Interestingly, ums_enable() similarly just sets sc_enabled and then
reverts it back to 0 if uhidev_open() failed, which while it works
seems backwards to me. Not sure it's worth changing this, though.

> Now what I'm not sure about is whether a _failed_ uts_enable call will
> be followed by a uts_disable call.  This is a (possibly unwritten)
> part of the struct wsmouse_accessops contract; the wsmouse(9) man page
> doesn't say one way or another, though.
> 
> If wsmouse(9) guarantees that after a _failed_ enable call, it will
> never call disable, then we can (and should) dispense with the
> sc_enabled bit altogether and prune all the dead branches.  (This is
> preferable: less code in multiple drivers, fewer states to consider,
> fewer conditionals to exercise.)
> 
> If wsmouse(9) doesn't guarantee this, then we need to keep the extra
> state in all the drivers, but there's no reason to have each one print
> noise to the console about it.
> 
> (Either way, we should update the wsmouse(9) man page to spell out
> what is or isn't guaranteed.)

The problem seems to be mostly in wsmux, not wsmouse.

In particular, wsmux_do_open() ignores failures opening child devices.
Those failures can happen because a child device is already open,
which on the system I'm testing on happens to be the case because the X
server opened it before opening the mux it is part of.
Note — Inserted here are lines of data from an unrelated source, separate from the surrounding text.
(* For all $t,s\in\Lambda^\infty$: if $t\to^\infty_\beta s$ and $t$ has a head normal form, then $s$ has a head normal form.
   Context: Fix an infinite set $V$ of variables and a set $C$ of constants with $V\cap C=\emptyset$, containing a distinguished constant $\bot$. $\Lambda^\infty$ is the set of infinitary lambda-terms: all finite and infinite terms generated coinductively by $t ::= c\mid x\mid t\,t\mid\lambda x.t$, identified up to $\alpha$-equivalence; $s[t/x]$ is capture-avoiding substitution; an atom is a variable or constant. $\to_\beta$ is the compatible closure of $\{((\lambda x.s)t,s[t/x])\}$, i.e. the least relation containing these pairs and closed under $s\to s'\Rightarrow st\to s't,\ ts\to ts',\ \lambda x.s\to\lambda x.s'$; $\to^*_\beta$ is its reflexive-transitive closure. A term is in head normal form (hnf) if it is $\lambda x_1\ldots x_m.\,a\,t_1\ldots t_n$ ($m,n\ge0$, $a$ an atom, $a\not\equiv\bot$); $t$ has a hnf if $t\to^*_\beta t'$ for some $t'$ in hnf. The infinitary closure $\to^\infty_\beta$ is the greatest relation such that whenever $s\to^\infty_\beta t$: $t\equiv a$ is an atom and $s\to^*_\beta a$; or $t\equiv t_1't_2'$, $s\to^*_\beta t_1t_2$ and $t_i\to^\infty_\beta t_i'$; or $t\equiv\lambda x.r'$, $s\to^*_\beta\lambda x.r$ and $r\to^\infty_\beta r'$. *)

theory Defs
  imports Main "HOL-Library.BNF_Corec"
begin

text \<open>Infinitary lambda terms (finite and infinite), with de Bruijn indices for variables,
  so that syntactic equality is alpha-equivalence. 'c is the type of constants.\<close>

codatatype 'c lterm = Cst 'c | Var nat | App "'c lterm" "'c lterm" | Lam "'c lterm"

primcorec lift :: "nat \<Rightarrow> 'c lterm \<Rightarrow> 'c lterm" where
  "lift k t = (case t of
      Cst c \<Rightarrow> Cst c
    | Var n \<Rightarrow> Var (if n < k then n else Suc n)
    | App s u \<Rightarrow> App (lift k s) (lift k u)
    | Lam s \<Rightarrow> Lam (lift (Suc k) s))"

corec subst :: "nat \<Rightarrow> 'c lterm \<Rightarrow> 'c lterm \<Rightarrow> 'c lterm" where
  "subst k u t = (case t of
      Cst c \<Rightarrow> Cst c
    | Var n \<Rightarrow> (if n = k then u else Var (if n < k then n else n - 1))
    | App s r \<Rightarrow> App (subst k u s) (subst k u r)
    | Lam s \<Rightarrow> Lam (subst (Suc k) (lift 0 u) s))"

inductive beta :: "'c lterm \<Rightarrow> 'c lterm \<Rightarrow> bool" where
  root: "beta (App (Lam s) t) (subst 0 t s)"
| appL: "beta s s' \<Longrightarrow> beta (App s t) (App s' t)"
| appR: "beta s s' \<Longrightarrow> beta (App t s) (App t s')"
| lam: "beta s s' \<Longrightarrow> beta (Lam s) (Lam s')"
Looking at xsrc/external/mit/xorg-server/dist/config/wscons.c, in
wscons_add_pointers() it checks /dev/wsmouse[0-3] in succession, and if
it finds a touchscreen type device, it adds a config section for it.

Finally, it'll create a config section for /dev/wsmouse, which I presume
by convention is actually /dev/wsmux0. So on the system I'm debugging
kern/59206 on, X will open /dev/wsmouse1 and /dev/wsmux0 as separate
pointer devices. I'm not sure how wsmux currently handles input from
wsmouse1 in this case, whether it's all ignored or delivered to X twice,
but whichever way it is it doesn't seem to cause problems.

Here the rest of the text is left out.